Which lines of the entries below run from the one holding "using uniform_word_bound_orbit[OF act HG" to the one holding "(orbit_set (carrier G)", inclusive? Set down exactly those lines and no others.

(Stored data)

-----

lemma fnorm_le_mult_fnorm_of_retract:
  assumes G: "group G" and H: "subgroup H G" and act: "is_ZG_action G act"
    and P: "P = gen_sub (carrier G) act (set sP)" and Q: "Q = gen_sub H act (set sQ)"
    and "Q \<subseteq> P" and B: "B \<subseteq> P" "z_indep B" "z_span B = P" "\<forall>g\<in>carrier G. \<forall>b\<in>B. act g b \<in> B"
    and \<rho>: "additive_on P \<rho>" "\<forall>h\<in>H. \<forall>x\<in>P. \<rho> (act h x) = act h (\<rho> x)"
      "\<rho> ` P \<subseteq> Q" "\<forall>q\<in>Q. \<rho> q = q"
  shows "\<exists>c. \<forall>\<gamma>\<in>Q. fnorm H act sQ \<gamma> \<le> c * fnorm (carrier G) act sP \<gamma>"
proof -
  have HG: "H \<subseteq> carrier G"
    using H by (rule subgroup.subset)
  have B_closed: "act g ` B \<subseteq> B" if "g \<in> carrier G" for g
    using B(4) that by blast
  have P_words: "\<exists>n. word_le B x n" if "x \<in> P" for x
    using that B(3) word_le_of_z_span by blast
  have "\<exists>n. word_le B s n" if "s \<in> set sP" for s
    using P_words[unfolded P, OF gen_sub.gen_base[OF that]] .
  then obtain D where D: "\<forall>y\<in>orbit_set (carrier G) act (set sP). word_le B y D"
    using uniform_word_bound_orbit[OF act order_refl B_closed finite_set] by blast
  have "\<exists>n. word_le B s n" if "s \<in> set sQ" for s
    using P_words gen_sub.gen_base[OF that] Q \<open>Q \<subseteq> P\<close> by blast
  with finite_word_support obtain F where F: "finite F" "F \<subseteq> B" "\<forall>s\<in>set sQ. \<exists>n. word_le F s n"
    by (metis finite_set)
  define Y where "Y = orbit_set H act F"
  have Y_B: "Y \<subseteq> B"
    unfolding Y_def orbit_set_def using F(2) B(4) HG by blast
  have Q_words: "\<exists>m. word_le Y x m" if "x \<in> Q" for x
  proof (rule word_le_of_gen_sub[OF act HG])
    show "act h ` Y \<subseteq> Y" if "h \<in> H" for h
      unfolding Y_def using act_orbit_set[OF H act that] .
    show "\<exists>m. word_le Y s m" if s: "s \<in> set sQ" for s
    proof -
      obtain m where "word_le F s m"
        using F(3) s by blast
      then have "word_le Y s m"
        using word_le_mono[OF _ order_refl subset_orbit_set[OF H act]] unfolding Y_def by blast
      then show ?thesis ..
    qed
    show "x \<in> gen_sub H act (set sQ)"
      using that Q by simp
  qed
  have \<rho>_Y: "\<rho> ` Y \<subseteq> orbit_set H act (\<rho> ` F)"
  proof
    fix z assume "z \<in> \<rho> ` Y"
    then obtain h f where hf: "h \<in> H" "f \<in> F" "z = \<rho> (act h f)"
      unfolding Y_def orbit_set_def by blast
    then have "z = act h (\<rho> f)"
      using \<rho>(2) F(2) B(1) by blast
    with hf show "z \<in> orbit_set H act (\<rho> ` F)"
      unfolding orbit_set_def by blast
  qed
  have "\<exists>n. word_le (orbit_set H act (set sQ)) z n" if "z \<in> \<rho> ` F" for z
  proof -
    have "z \<in> gen_sub H act (set sQ)"
      using that \<rho>(3) F(2) B(1) Q by blast
    then show ?thesis
      by (rule word_le_orbit_set_gen_sub[OF H act])
  qed
  then obtain R where R: "\<forall>z\<in>orbit_set H act (\<rho> ` F). word_le (orbit_set H act (set sQ)) z R"
    using uniform_word_bound_orbit[OF act HG act_orbit_set[OF H act] finite_imageI[OF F(1)]]
    by blast
  have "fnorm H act sQ \<gamma> \<le> R * D * fnorm (carrier G) act sP \<gamma>" if \<gamma>: "\<gamma> \<in> Q" for \<gamma>
  proof -
    have "\<gamma> \<in> gen_sub (carrier G) act (set sP)"
      using \<gamma> \<open>Q \<subseteq> P\<close> P by blast
    then have "word_le (orbit_set (carrier G) act (set sP)) \<gamma> (fnorm (carrier G) act sP \<gamma>)"
      by (rule word_le_fnorm[OF group.subgroup_self[OF G] act])
    then have B_word: "word_le B \<gamma> (D * fnorm (carrier G) act sP \<gamma>)"
      by (rule word_le_subst) (use D in blast)
    obtain m where Y_word: "word_le Y \<gamma> m"
      using Q_words[OF \<gamma>] ..
    have P_subgroup: "additive_subgroup P"
      unfolding P by (rule additive_subgroup_gen_sub)
    have fixed: "\<rho> \<gamma> = \<gamma>"
      using \<rho>(4) \<gamma> by blast
    have "word_le (orbit_set H act (set sQ)) (\<rho> y) R" if "y \<in> Y" for y
      using R \<rho>_Y that by blast
    then have "word_le (orbit_set H act (set sQ)) \<gamma> (R * (D * fnorm (carrier G) act sP \<gamma>))"
      by (rule word_le_retract[OF B(2) Y_B B(1) P_subgroup \<rho>(1) B_word Y_word fixed])
    then show ?thesis
      by (simp add: fnorm_le mult.assoc)
  qed
  then show ?thesis
    by blast
qed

-----

▶ [Task result]:
    using uniform_word_bound_orbit[OF act HG act_orbit_set[OF H act] finite_imageI[OF F(1)]]
    by blast
  have "fnorm H act sQ \<gamma> \<le> R * D * fnorm (carrier G) act sP \<gamma>" if \<gamma>: "\<gamma> \<in> Q" for \<gamma>
  proof -
    have "\<gamma> \<in> gen_sub (carrier G) act (set sP)"
      using \<gamma> \<open>Q \<subseteq> P\<close> P by blast
    then have "word_le (orbit_set (carrier G) act (set sP)) \<gamma> (fnorm (carrier G) act sP \<gamma>)"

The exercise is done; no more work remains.